(What you need to do): Could you set down the lines below, from the one containing "y) \<le> 2 ^ (card" through the final line, exactly as written?

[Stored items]
lemma measure_torus_space: "measure (torus_measure N) (space (torus_measure N)) = (2*pi)^N"
  by (simp add: measure_def emeasure_torus_space)

lemma integrable_circle_exp: "integrable circle_measure (\<lambda>t. exp (\<i> * of_int d * of_real t))"
proof (rule finite_measure.integrable_const_bound[OF finite_measure_circle, where B=1])
  show "AE x in circle_measure. norm (exp (\<i> * of_int d * of_real x)) \<le> 1"
    by (simp add: norm_exp_i_times[of "of_int d * x", simplified])
  show "(\<lambda>t. exp (\<i> * of_int d * complex_of_real t)) \<in> borel_measurable circle_measure"
    unfolding circle_measure_def by (intro measurable_restrict_space1) measurable
qed

lemma integral_circle_exp:
  "integral\<^sup>L circle_measure (\<lambda>t. exp (\<i> * of_int d * of_real t)) = (if d = 0 then 2*pi else 0)"
proof (cases "d = 0")
  case True
  then show ?thesis
    by (simp add: circle_measure_def measure_restrict_space space_restrict_space scaleR_conv_of_real)
next
  case False
  have "integral\<^sup>L circle_measure (\<lambda>t. exp (\<i> * of_int d * of_real t))
        = (LBINT t=ereal 0..ereal (2*pi). exp (\<i> * of_int d * of_real t))"
    unfolding circle_measure_def interval_integral_Icc[of 0 "2*pi", simplified]
    by (simp add: integral_restrict_space set_lebesgue_integral_def)
  also have "\<dots> = exp (\<i> * of_int d * of_real (2*pi)) / (\<i> * of_int d)
                  - exp (\<i> * of_int d * of_real 0) / (\<i> * of_int d)"
  proof (rule interval_integral_FTC_finite)
    show "continuous_on {min 0 (2 * pi)..max 0 (2 * pi)} (\<lambda>t. exp (\<i> * of_int d * complex_of_real t))"
      by (intro continuous_intros)
    fix x :: real
    have "((\<lambda>z. exp (\<i> * of_int d * z) / (\<i> * of_int d)) has_field_derivative
           exp (\<i> * of_int d * complex_of_real x)) (at (complex_of_real x))"
      using False by (auto intro!: derivative_eq_intros)
    from has_vector_derivative_real_field[OF this]
    show "((\<lambda>t. exp (\<i> * of_int d * complex_of_real t) / (\<i> * of_int d)) has_vector_derivative
           exp (\<i> * of_int d * complex_of_real x)) (at x within {min 0 (2 * pi)..max 0 (2 * pi)})"
      by (simp add: has_vector_derivative_at_within)
  qed
  also have "exp (\<i> * of_int d * of_real (2*pi)) = 1"
    using exp_integer_2pi[of "of_int d"] by (simp add: mult_ac)
  finally show ?thesis using False by simp
qed

lemma integrable_torus_monomial:
  "integrable (torus_measure N) (\<lambda>\<theta>. \<Prod>i<N. a i * exp (\<i> * of_int (d i) * of_real (\<theta> i)))"
  unfolding torus_measure_def
  by (rule product_sigma_finite.product_integrable_prod[OF product_sigma_finite_circle, of "{..<N}"
        "\<lambda>i t. a i * exp (\<i> * of_int (d i) * of_real t)", simplified])
     (auto intro: integrable_circle_exp)

lemma integral_torus_monomial:
  "integral\<^sup>L (torus_measure N) (\<lambda>\<theta>. \<Prod>i<N. a i * exp (\<i> * of_int (d i) * of_real (\<theta> i)))
     = (\<Prod>i<N. a i * (if d i = 0 then 2*pi else 0))"
  unfolding torus_measure_def
  by (subst product_sigma_finite.product_integral_prod[OF product_sigma_finite_circle, of "{..<N}"
        "\<lambda>i t. a i * exp (\<i> * of_int (d i) * of_real t)", simplified])
     (auto intro: integrable_circle_exp simp: integral_circle_exp)
lemma ex_rainbow_triple:
  assumes "3 \<le> card (f ` V)"
  shows "\<exists>e\<in>triples V. card (f ` e) = 3"
proof -
  obtain S where S: "S \<subseteq> f ` V" "card S = 3"
    by (rule obtain_subset_with_card_n[OF assms])
  let ?e = "inv_into V f ` S"
  have "f ` ?e = S" by (rule image_inv_into_cancel[OF refl S(1)])
  moreover have "card ?e = 3" using card_image[OF inj_on_inv_into[OF S(1)]] S(2) by simp
  moreover have "?e \<subseteq> V" using S(1) by (auto intro: inv_into_into)
  ultimately show ?thesis unfolding triples_def using S(2) by (intro bexI[of _ ?e]) simp_all
qed

lemma ex_monochromatic_triple:
  assumes "finite V" "5 \<le> card V" "card (f ` V) \<le> 2"
  shows "\<exists>e\<in>triples V. card (f ` e) = 1"
proof -
  have "\<exists>c. 3 \<le> card {x\<in>V. f x = c}"
  proof (rule ccontr)
    assume "\<nexists>c. 3 \<le> card {x\<in>V. f x = c}"
    then have fibre: "card {x\<in>V. f x = c} \<le> 2" for c using not_less_eq_eq by fastforce
    have "card V \<le> card (\<Union>c\<in>f ` V. {x\<in>V. f x = c})"
      using assms(1) by (intro card_mono) auto
    also have "\<dots> \<le> (\<Sum>c\<in>f ` V. card {x\<in>V. f x = c})"
      using assms(1) by (intro card_UN_le) simp
    also have "\<dots> \<le> 2 * card (f ` V)"
      using sum_bounded_above[of "f ` V" "\<lambda>c. card {x\<in>V. f x = c}" 2] fibre by simp
    finally show False using assms by linarith
  qed
  then obtain c where "3 \<le> card {x\<in>V. f x = c}" ..
  then obtain e where "e \<subseteq> {x\<in>V. f x = c}" "card e = 3"
    by (rule obtain_subset_with_card_n)
  moreover from this have "e \<noteq> {}" by auto
  ultimately have "e \<in> triples V" "f ` e = {c}" unfolding triples_def by auto
  then show ?thesis by (intro bexI[of _ e]) simp_all
qed
(* Let $(x_n)$ be a nonincreasing interval-filling sequence of positive reals with cardinal function $f$, and let $k\ge1$ be an integer such that $\#\{n\in\mathbb{N}: r_n>x_n\}\le k$. Then $f(x)\le 2^{k+1}$ for every $x\in\mathcal{A}((x_n))$ (in particular $f$ takes only finite values).
   Context: For a summable sequence $\mathbf{x}=(x_n)$ of positive reals, $\mathcal{A}(\mathbf{x})=\{\sum_{n\in A}x_n: A\subseteq\mathbb{N}\}$ is its achievement set and its cardinal function $f$ assigns to $x\in\mathcal{A}(\mathbf{x})$ the cardinality (a positive integer, $\omega$, or $\mathfrak{c}$) of $\{(\varepsilon_n)\in\{0,1\}^{\mathbb{N}}:\sum\varepsilon_nx_n=x\}$. The sequence is interval-filling if $\mathcal{A}(\mathbf{x})$ is an interval (equivalently $x_n\le r_n$ for all $n$). The tail sums are $r_n=\sum_{k=n+1}^\infty x_k$. *)

theory Defs
  imports "HOL-Analysis.Analysis"
begin

text \<open>Sequences are indexed by nat (starting at 0). A 0-1 sequence
  (eps_n) is identified with the set A = {n. eps_n = 1}.\<close>

definition subsum :: "(nat \<Rightarrow> real) \<Rightarrow> nat set \<Rightarrow> real" where
  "subsum x A = (\<Sum>n. if n \<in> A then x n else 0)"

definition achievement_set :: "(nat \<Rightarrow> real) \<Rightarrow> real set" where
  "achievement_set x = {subsum x A | A. A \<subseteq> (UNIV :: nat set)}"

definition tail :: "(nat \<Rightarrow> real) \<Rightarrow> nat \<Rightarrow> real" where
  "tail x n = (\<Sum>k. x (k + Suc n))"

definition interval_filling :: "(nat \<Rightarrow> real) \<Rightarrow> bool" where
  "interval_filling x \<longleftrightarrow> (\<forall>n. x n \<le> tail x n)"

text \<open>The set of representations of y; the cardinal function f(y) is its cardinality.\<close>
definition representations :: "(nat \<Rightarrow> real) \<Rightarrow> real \<Rightarrow> nat set set" where
  "representations x y = {A. subsum x A = y}"

end

theory Submission
  imports Defs
begin

text \<open>Let \<open>S = {n. x n < r n}\<close>. If two distinct representations \<open>A\<close>, \<open>B\<close> of the same
  point agree on \<open>S\<close>, their first difference \<open>m\<close> lies outside \<open>S\<close>, so \<open>r m \<le> x m\<close>. Say
  \<open>m \<in> A - B\<close>: then the part of \<open>B\<close> beyond \<open>m\<close> must make up \<open>x m\<close> plus the part of \<open>A\<close>
  beyond \<open>m\<close>, and since it is at most \<open>r m \<le> x m\<close>, \<open>A\<close> has no elements beyond \<open>m\<close> while
  \<open>B\<close> contains all of them. Hence exactly one of \<open>A\<close>, \<open>B\<close> is finite, so at most two
  representations share a given trace on \<open>S\<close>, and there are \<open>2 ^ card S\<close> traces.\<close>

lemma summable_restrict:
  fixes x :: "nat \<Rightarrow> real"
  assumes "\<And>n. x n \<ge> 0" and "summable x"
  shows "summable (\<lambda>n. if n \<in> A then x n else 0)"
  by (rule summable_comparison_test'[OF assms(2), of 0]) (simp add: assms(1))

lemma summable_tail_restrict:
  fixes x :: "nat \<Rightarrow> real"
  assumes "\<And>n. x n \<ge> 0" and "summable x"
  shows "summable (\<lambda>j. if j + Suc m \<in> A then x (j + Suc m) else 0)"
  using summable_ignore_initial_segment[OF summable_restrict[OF assms, of A], of "Suc m"] .

lemma subsum_split:
  fixes x :: "nat \<Rightarrow> real"
  assumes "\<And>n. x n \<ge> 0" and "summable x"
  shows "subsum x A = (\<Sum>n<m. if n \<in> A then x n else 0) + (if m \<in> A then x m else 0)
           + (\<Sum>j. if j + Suc m \<in> A then x (j + Suc m) else 0)"
  using suminf_split_initial_segment[OF summable_restrict[OF assms], of A "Suc m"]
  by (simp add: subsum_def)

lemma tail_subsum_nonneg:
  fixes x :: "nat \<Rightarrow> real"
  assumes "\<And>n. x n \<ge> 0" and "summable x"
  shows "(\<Sum>j. if j + Suc m \<in> A then x (j + Suc m) else 0) \<ge> 0"
  using summable_tail_restrict[OF assms]
  by (rule suminf_nonneg) (simp add: assms(1))

lemma tail_subsum_le_tail:
  fixes x :: "nat \<Rightarrow> real"
  assumes "\<And>n. x n \<ge> 0" and "summable x"
  shows "(\<Sum>j. if j + Suc m \<in> A then x (j + Suc m) else 0) \<le> tail x m"
  unfolding tail_def
  by (rule suminf_le[OF _ summable_tail_restrict[OF assms]
        summable_ignore_initial_segment[OF assms(2)]]) (simp add: assms(1))

lemma tail_subsum_eq_0_imp_disjoint:
  fixes x :: "nat \<Rightarrow> real"
  assumes pos: "\<And>n. x n > 0" and "summable x"
    and "(\<Sum>j. if j + Suc m \<in> A then x (j + Suc m) else 0) = 0"
  shows "A \<inter> {m<..} = {}"
proof -
  have "\<forall>j. (if j + Suc m \<in> A then x (j + Suc m) else 0) = 0"
    using assms(3) summable_tail_restrict[OF _ assms(2)]
    by (subst (asm) suminf_eq_zero_iff) (auto simp: less_imp_le pos)
  then have "j + Suc m \<notin> A" for j
    using pos[of "j + Suc m"] by (metis less_irrefl)
  then show ?thesis
    by (auto simp: less_iff_Suc_add add.commute)
qed

lemma tail_subsum_eq_tail_imp_subset:
  fixes x :: "nat \<Rightarrow> real"
  assumes pos: "\<And>n. x n > 0" and summ: "summable x"
    and "(\<Sum>j. if j + Suc m \<in> A then x (j + Suc m) else 0) = tail x m"
  shows "{m<..} \<subseteq> A"
proof -
  let ?f = "\<lambda>j. x (j + Suc m) - (if j + Suc m \<in> A then x (j + Suc m) else 0)"
  have summ_tail: "summable (\<lambda>j. x (j + Suc m))"
    by (rule summable_ignore_initial_segment[OF summ])
  have summ_restr: "summable (\<lambda>j. if j + Suc m \<in> A then x (j + Suc m) else 0)"
    by (rule summable_tail_restrict) (simp_all add: less_imp_le pos summ)
  have "(\<Sum>j. ?f j) = tail x m - (\<Sum>j. if j + Suc m \<in> A then x (j + Suc m) else 0)"
    unfolding tail_def
    using suminf_diff[OF summ_tail summ_restr] by simp
  with assms(3) have "(\<Sum>j. ?f j) = 0"
    by simp
  moreover have "summable ?f"
    by (rule summable_diff[OF summ_tail summ_restr])
  ultimately have "\<forall>j. ?f j = 0"
    by (subst (asm) suminf_eq_zero_iff) (auto simp: less_imp_le pos)
  then have "j + Suc m \<in> A" for j
    using pos[of "j + Suc m"] by (metis diff_zero less_irrefl)
  then show ?thesis
    by (auto simp: less_iff_Suc_add add.commute)
qed

lemma subsum_eq_at_first_difference:
  fixes x :: "nat \<Rightarrow> real"
  assumes pos: "\<And>n. x n > 0" and summ: "summable x"
    and eq: "subsum x A = subsum x B" and "m \<in> A" and "m \<notin> B"
    and agree: "\<And>n. n < m \<Longrightarrow> n \<in> A \<longleftrightarrow> n \<in> B"
    and small_tail: "tail x m \<le> x m"
  shows "A \<inter> {m<..} = {}" and "{m<..} \<subseteq> B"
proof -
  have nonneg: "\<And>n. x n \<ge> 0"
    by (simp add: less_imp_le pos)
  define a where "a = (\<Sum>j. if j + Suc m \<in> A then x (j + Suc m) else 0)"
  define b where "b = (\<Sum>j. if j + Suc m \<in> B then x (j + Suc m) else 0)"
  have "(\<Sum>n<m. if n \<in> A then x n else 0) = (\<Sum>n<m. if n \<in> B then x n else 0)"
    by (rule sum.cong) (simp_all add: agree)
  with eq have "a + x m = b"
    using subsum_split[OF nonneg summ, of A m] subsum_split[OF nonneg summ, of B m]
      \<open>m \<in> A\<close> \<open>m \<notin> B\<close> by (simp add: a_def b_def)
  moreover have "a \<ge> 0" "b \<le> tail x m"
    unfolding a_def b_def
    using tail_subsum_nonneg[OF nonneg summ] tail_subsum_le_tail[OF nonneg summ] by auto
  ultimately have "a = 0" and "b = tail x m"
    using small_tail by linarith+
  show "A \<inter> {m<..} = {}"
    using tail_subsum_eq_0_imp_disjoint[OF pos summ] \<open>a = 0\<close> by (simp add: a_def)
  show "{m<..} \<subseteq> B"
    using tail_subsum_eq_tail_imp_subset[OF pos summ] \<open>b = tail x m\<close> by (simp add: b_def)
qed

lemma subsum_eq_first_difference_finite:
  fixes x :: "nat \<Rightarrow> real"
  assumes "\<And>n. x n > 0" and "summable x"
    and "subsum x A = subsum x B" and "m \<in> A" and "m \<notin> B"
    and "\<And>n. n < m \<Longrightarrow> n \<in> A \<longleftrightarrow> n \<in> B"
    and "tail x m \<le> x m"
  shows "finite A \<and> infinite B"
proof
  have "A \<subseteq> {..m}"
    using subsum_eq_at_first_difference(1)[OF assms] by auto
  then show "finite A"
    by (rule finite_subset) simp
  show "infinite B"
    using subsum_eq_at_first_difference(2)[OF assms] infinite_Ioi finite_subset by blast
qed

lemma representations_same_trace_finite_neq:
  fixes x :: "nat \<Rightarrow> real"
  assumes pos: "\<And>n. x n > 0" and summ: "summable x"
    and eq: "subsum x A = subsum x B" and "A \<noteq> B"
    and trace: "A \<inter> {n. tail x n > x n} = B \<inter> {n. tail x n > x n}"
  shows "finite A \<noteq> finite B"
proof -
  define D where "D = (A - B) \<union> (B - A)"
  have "D \<noteq> {}"
    using \<open>A \<noteq> B\<close> by (auto simp: D_def)
  define m where "m = (LEAST n. n \<in> D)"
  have "m \<in> D"
    unfolding m_def using \<open>D \<noteq> {}\<close> by (auto intro: LeastI)
  have agree: "n \<in> A \<longleftrightarrow> n \<in> B" if "n < m" for n
    using not_less_Least[of n "\<lambda>n. n \<in> D"] that by (auto simp: D_def m_def)
  have "tail x m \<le> x m"
    using \<open>m \<in> D\<close> trace by (auto simp: D_def not_le[symmetric])
  show ?thesis
  proof (cases "m \<in> A")
    case True
    with \<open>m \<in> D\<close> have "m \<notin> B"
      by (auto simp: D_def)
    with subsum_eq_first_difference_finite[OF pos summ eq True _ agree \<open>tail x m \<le> x m\<close>]
    show ?thesis by blast
  next
    case False
    with \<open>m \<in> D\<close> have "m \<in> B"
      by (auto simp: D_def)
    with subsum_eq_first_difference_finite[OF pos summ eq[symmetric] _ False _ \<open>tail x m \<le> x m\<close>]
      agree show ?thesis by blast
  qed
qed

lemma card_representations_with_trace_le_2:
  fixes x :: "nat \<Rightarrow> real"
  assumes "\<And>n. x n > 0" and "summable x"
  shows "finite {A \<in> representations x y. A \<inter> {n. tail x n > x n} = T}
           \<and> card {A \<in> representations x y. A \<inter> {n. tail x n > x n} = T} \<le> 2"
proof -
  define R where "R = {A \<in> representations x y. A \<inter> {n. tail x n > x n} = T}"
  have "inj_on finite R"
    using representations_same_trace_finite_neq[OF assms(1,2)]
    by (auto simp: inj_on_def R_def representations_def)
  then show ?thesis
    using card_inj_on_le[of finite R UNIV] finite_imageD[of finite R]
    by (auto intro: finite_subset simp: R_def)
qed

lemma card_representations_le:
  fixes x :: "nat \<Rightarrow> real"
  assumes "\<And>n. x n > 0" and "summable x"
    and fin: "finite {n. tail x n > x n}"
  shows "finite (representations x y)
           \<and> card (representations x y) \<le> 2 ^ (card {n. tail x n > x n} + 1)"
proof -
  define S where "S = {n. tail x n > x n}"
  define R where "R = (\<lambda>T. {A \<in> representations x y. A \<inter> S = T})"
  have fibre: "finite (R T) \<and> card (R T) \<le> 2" for T
    unfolding R_def S_def by (rule card_representations_with_trace_le_2[OF assms(1,2)])
  have union: "representations x y = (\<Union>T\<in>Pow S. R T)"
    by (auto simp: R_def)
  have "finite S"
    using fin by (simp add: S_def)
  have "card (representations x y) \<le> (\<Sum>T\<in>Pow S. card (R T))"
    unfolding union by (rule card_UN_le) (simp add: \<open>finite S\<close>)
  also have "\<dots> \<le> (\<Sum>T\<in>Pow S. 2)"
    by (rule sum_mono) (use fibre in auto)
  also have "\<dots> = 2 ^ (card S + 1)"
    by (simp add: card_Pow \<open>finite S\<close>)
  finally show ?thesis
    using \<open>finite S\<close> fibre by (simp add: union S_def)
qed

theorem theorem4p11:
  fixes x :: "nat \<Rightarrow> real" and k :: nat
  assumes pos: "\<And>n. x n > 0"
    and summ: "summable x"
    and noninc: "decseq x"
    and fill: "interval_filling x"
    and k1: "k \<ge> 1"
    and fin: "finite {n. tail x n > x n}"
    and cardk: "card {n. tail x n > x n} \<le> k"
  shows "\<forall>y \<in> achievement_set x. finite (representations x y) \<and>
            card (representations x y) \<le> 2 ^ (k + 1)"
proof
  fix y
  have "2 ^ (card {n. tail x n > x n} + 1) \<le> (2 :: nat) ^ (k + 1)"
    by (rule power_increasing) (use cardk in auto)
  then show "finite (representations x y) \<and> card (representations x y) \<le> 2 ^ (k + 1)"
    using card_representations_le[OF pos summ fin, of y] by linarith
qed

end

(Task response):
           \<and> card (representations x y) \<le> 2 ^ (card {n. tail x n > x n} + 1)"
proof -
  define S where "S = {n. tail x n > x n}"
  define R where "R = (\<lambda>T. {A \<in> representations x y. A \<inter> S = T})"
  have fibre: "finite (R T) \<and> card (R T) \<le> 2" for T
    unfolding R_def S_def by (rule card_representations_with_trace_le_2[OF assms(1,2)])
  have union: "representations x y = (\<Union>T\<in>Pow S. R T)"
    by (auto simp: R_def)
  have "finite S"
    using fin by (simp add: S_def)
  have "card (representations x y) \<le> (\<Sum>T\<in>Pow S. card (R T))"
    unfolding union by (rule card_UN_le) (simp add: \<open>finite S\<close>)
  also have "\<dots> \<le> (\<Sum>T\<in>Pow S. 2)"
    by (rule sum_mono) (use fibre in auto)
  also have "\<dots> = 2 ^ (card S + 1)"
    by (simp add: card_Pow \<open>finite S\<close>)
  finally show ?thesis
    using \<open>finite S\<close> fibre by (simp add: union S_def)
qed

theorem theorem4p11:
  fixes x :: "nat \<Rightarrow> real" and k :: nat
  assumes pos: "\<And>n. x n > 0"
    and summ: "summable x"
    and noninc: "decseq x"
    and fill: "interval_filling x"
    and k1: "k \<ge> 1"
    and fin: "finite {n. tail x n > x n}"
    and cardk: "card {n. tail x n > x n} \<le> k"
  shows "\<forall>y \<in> achievement_set x. finite (representations x y) \<and>
            card (representations x y) \<le> 2 ^ (k + 1)"
proof
  fix y
  have "2 ^ (card {n. tail x n > x n} + 1) \<le> (2 :: nat) ^ (k + 1)"
    by (rule power_increasing) (use cardk in auto)
  then show "finite (representations x y) \<and> card (representations x y) \<le> 2 ^ (k + 1)"
    using card_representations_le[OF pos summ fin, of y] by linarith
qed

end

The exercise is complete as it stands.